- [YOUR GOAL] Sort through the entries below and pull out lines containing the word "that".

+++

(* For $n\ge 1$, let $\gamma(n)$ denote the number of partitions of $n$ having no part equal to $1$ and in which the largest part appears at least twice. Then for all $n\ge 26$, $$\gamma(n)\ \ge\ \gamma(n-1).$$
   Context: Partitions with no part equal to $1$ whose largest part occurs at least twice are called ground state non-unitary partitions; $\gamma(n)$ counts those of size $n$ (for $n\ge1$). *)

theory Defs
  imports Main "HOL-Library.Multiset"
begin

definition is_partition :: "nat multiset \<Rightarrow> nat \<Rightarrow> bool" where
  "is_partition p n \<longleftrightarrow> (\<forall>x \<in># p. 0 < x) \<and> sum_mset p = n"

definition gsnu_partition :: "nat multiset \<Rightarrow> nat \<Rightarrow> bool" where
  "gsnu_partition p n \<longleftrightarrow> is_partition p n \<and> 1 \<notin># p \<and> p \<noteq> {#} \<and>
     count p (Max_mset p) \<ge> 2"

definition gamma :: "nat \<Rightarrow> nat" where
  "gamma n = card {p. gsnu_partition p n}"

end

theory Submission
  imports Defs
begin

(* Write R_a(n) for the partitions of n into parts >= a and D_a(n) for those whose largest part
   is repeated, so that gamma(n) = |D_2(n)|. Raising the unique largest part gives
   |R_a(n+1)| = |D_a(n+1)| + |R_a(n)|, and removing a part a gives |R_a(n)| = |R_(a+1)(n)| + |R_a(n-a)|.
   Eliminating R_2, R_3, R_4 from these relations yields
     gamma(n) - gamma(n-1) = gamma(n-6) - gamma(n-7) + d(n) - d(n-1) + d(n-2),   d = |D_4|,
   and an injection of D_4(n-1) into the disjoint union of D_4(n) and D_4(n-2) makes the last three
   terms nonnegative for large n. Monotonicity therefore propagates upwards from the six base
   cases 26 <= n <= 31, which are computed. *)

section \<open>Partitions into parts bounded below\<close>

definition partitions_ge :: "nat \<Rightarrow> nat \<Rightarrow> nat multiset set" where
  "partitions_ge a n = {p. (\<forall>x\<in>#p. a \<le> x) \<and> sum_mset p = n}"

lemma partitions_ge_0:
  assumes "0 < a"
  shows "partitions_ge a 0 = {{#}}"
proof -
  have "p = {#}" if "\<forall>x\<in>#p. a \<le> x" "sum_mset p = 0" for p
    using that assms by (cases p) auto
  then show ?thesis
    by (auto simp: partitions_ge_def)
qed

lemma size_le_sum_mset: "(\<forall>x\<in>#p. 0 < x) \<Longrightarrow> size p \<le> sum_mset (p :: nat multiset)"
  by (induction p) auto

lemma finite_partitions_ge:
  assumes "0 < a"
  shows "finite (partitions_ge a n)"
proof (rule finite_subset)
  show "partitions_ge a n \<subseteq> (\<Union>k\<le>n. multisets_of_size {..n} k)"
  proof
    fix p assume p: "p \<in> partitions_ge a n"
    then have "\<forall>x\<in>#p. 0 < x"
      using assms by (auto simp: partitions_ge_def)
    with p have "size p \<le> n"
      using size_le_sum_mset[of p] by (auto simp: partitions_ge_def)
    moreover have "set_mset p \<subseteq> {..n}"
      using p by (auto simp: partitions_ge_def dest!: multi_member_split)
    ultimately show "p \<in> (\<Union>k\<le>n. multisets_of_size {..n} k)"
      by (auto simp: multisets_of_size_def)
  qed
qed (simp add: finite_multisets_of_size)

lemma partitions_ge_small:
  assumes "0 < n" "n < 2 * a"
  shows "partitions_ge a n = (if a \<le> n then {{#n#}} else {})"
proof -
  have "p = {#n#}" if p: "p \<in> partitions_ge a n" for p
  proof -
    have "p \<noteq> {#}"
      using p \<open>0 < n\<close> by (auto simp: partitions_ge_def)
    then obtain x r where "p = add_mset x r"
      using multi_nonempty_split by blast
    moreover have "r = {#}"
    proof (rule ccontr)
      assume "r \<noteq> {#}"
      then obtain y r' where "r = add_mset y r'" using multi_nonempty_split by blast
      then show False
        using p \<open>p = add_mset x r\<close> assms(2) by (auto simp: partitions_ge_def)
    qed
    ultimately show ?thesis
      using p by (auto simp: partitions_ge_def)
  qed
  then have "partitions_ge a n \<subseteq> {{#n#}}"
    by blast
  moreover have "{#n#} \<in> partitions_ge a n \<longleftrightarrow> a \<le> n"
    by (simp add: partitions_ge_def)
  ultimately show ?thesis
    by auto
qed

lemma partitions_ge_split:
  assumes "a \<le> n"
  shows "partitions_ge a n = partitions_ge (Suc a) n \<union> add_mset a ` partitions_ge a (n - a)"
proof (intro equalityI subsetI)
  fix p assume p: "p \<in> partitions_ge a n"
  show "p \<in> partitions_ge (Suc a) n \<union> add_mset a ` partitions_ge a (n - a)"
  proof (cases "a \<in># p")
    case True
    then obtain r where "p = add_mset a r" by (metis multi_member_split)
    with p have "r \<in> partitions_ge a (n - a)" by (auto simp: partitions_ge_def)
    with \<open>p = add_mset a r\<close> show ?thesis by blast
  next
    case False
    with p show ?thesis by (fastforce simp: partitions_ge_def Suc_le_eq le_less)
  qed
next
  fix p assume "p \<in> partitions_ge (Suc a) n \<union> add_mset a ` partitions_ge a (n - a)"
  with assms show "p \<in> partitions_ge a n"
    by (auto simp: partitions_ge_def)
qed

+++

- [ANSWER SECTION]
   is repeated, so that gamma(n) = |D_2(n)|. Raising the unique largest part gives
    using that assms by (cases p) auto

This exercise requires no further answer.